Il est aisé d’imaginer croiser des beatniks ou des hippies dans les locaux de la direction à Barcelone. Le « Flower Power » étant dans l’inconscient des consommateurs comme le cœur de la marque. Pourtant il n’en est rien. Au siège de la marque, grand building de verre de 14000m², vous croiserez des hommes et femmes en costumes tailleurs sombres. Le gris, le noir ou le marron sont bien plus présent que l’explosion de couleur sur laquelle la marque s’est fabriquée son image. Les objectifs sont sérieux et réfléchis.
A contrario, les vitrines attirent, les plafonds proposent des sous-vêtements, des grands écrans font défiler les mannequins. La marque veut « toucher les sens ». Par ailleurs, tout évènement est source de « coup marketing ». A la manière de Virgin et Branson, tout est excuse à s’amuser, ancrer son image « friendly » et créer l’évènement. Entre la « Seminaked party » qui récompense les 100 premiers clients qui arrivent en sous-vêtements à l’ouverture des soldes repartant vêtus en Desigual (c’était le cas en 2012 à Lyon et en 2013 à Paris pour les soldes d’hiver) ; ou le « Kiss tour » ou comment gagner un tee-shirt en s’embrassant, ou encore des cordes à linge garnies de vêtements de la griffe en « libre service » pour une inauguration de boutique ; les évènements Desigual sont des succès rassemblant des milliers de personnes. Leur slogan interne : « fun et profit ». Le marketing est clivant certainement, provoquant assurément, mais efficace diablement. « Desigual, no es lo mismo » ; Desigual, ce n’est pas pareil. Différenciant de par ses créations et l’assumant de par ses campagnes marketing, Desigual doit être reconnaissable d’entre tous. Les phrases, parfois ravageuses, ne viennent que confirmer cette option prise et réussie ; « tu ne rentreras pas seule », « tu décides », « fais-le le matin ». Le but ultime : « placer un article de la marque dans chaque armoire » martèle Manel Jadraque, le nouveau Directeur depuis 2013.
Une phrase d’inspiration de Meyer est toujours la base de chaque collection, d’environ 1000 pièces. Mais Desigual ne s’arrête plus à ses créations propres.

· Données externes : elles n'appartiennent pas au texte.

(* Let $G$ be a connected graph that has a cut vertex. Then a minimum connecting transition set of $G$ has size exactly $|V(G)|-2$; equivalently, $\{V(G)\}$ is a connecting hypergraph of $G$ of minimum cost.
   Context: All graphs are finite, simple and undirected. A cut vertex of a connected graph $G$ is a vertex $p$ such that $G-p$ is disconnected. $G[X]$ denotes the subgraph induced by $X\subseteq V(G)$. A transition of a graph $G$ is an unordered pair $\{ab,bc\}$ of two distinct edges of $G$ sharing the vertex $b$ (so $a\neq c$); it is written $abc$. A walk in $G$ is a sequence $(v_1,\dots,v_k)$ of vertices with $v_iv_{i+1}\in E(G)$ for all $i\le k-1$; it leads from $v_1$ to $v_k$. For a set $T$ of transitions of $G$, a walk $(v_1,\dots,v_k)$ is $T$-compatible if for every $i\in[1,k-2]$, either $v_i=v_{i+2}$ or $v_iv_{i+1}v_{i+2}\in T$. The graph $G$ is $T$-connected, and $T$ is a connecting transition set of $G$, if for all vertices $u,v$ of $G$ there is a $T$-compatible walk leading from $u$ to $v$. A connecting hypergraph of $G$ is a set $H$ of subsets of $V(G)$ such that every $E\in H$ satisfies $|E|\ge 2$ and $G[E]$ is connected, and for every pair of distinct non-adjacent vertices $u,v$ of $G$ there exists $E\in H$ with $u,v\in E$. Its cost is $\mathrm{cost}(H)=\sum_{E\in H}(|E|-2)$. *)

theory Defs
  imports Main
begin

A chaque saison, les 120 designers de la marque dessinent donc 1000 pièces, mais laissent aussi la place à Christian Lacroix qui signe une collection de quelques pièces depuis 2011, « Desigual by Lacroix ». La collaboration ponctuelle en 2012 avec le Cirque du Soleil pour une collection bercée par le rêve et la magie a été une réussite. Desigual va décidément à contre-courant, ignorant tendances et dictas.
La marque catalane impose aujourd’hui ses propres dictas, sa vision colorée, en contre-pied total du reste du monde. Comme le faisait Thomas Mayer près de sa cabine téléphonique finalement, mais à bien plus grande échelle.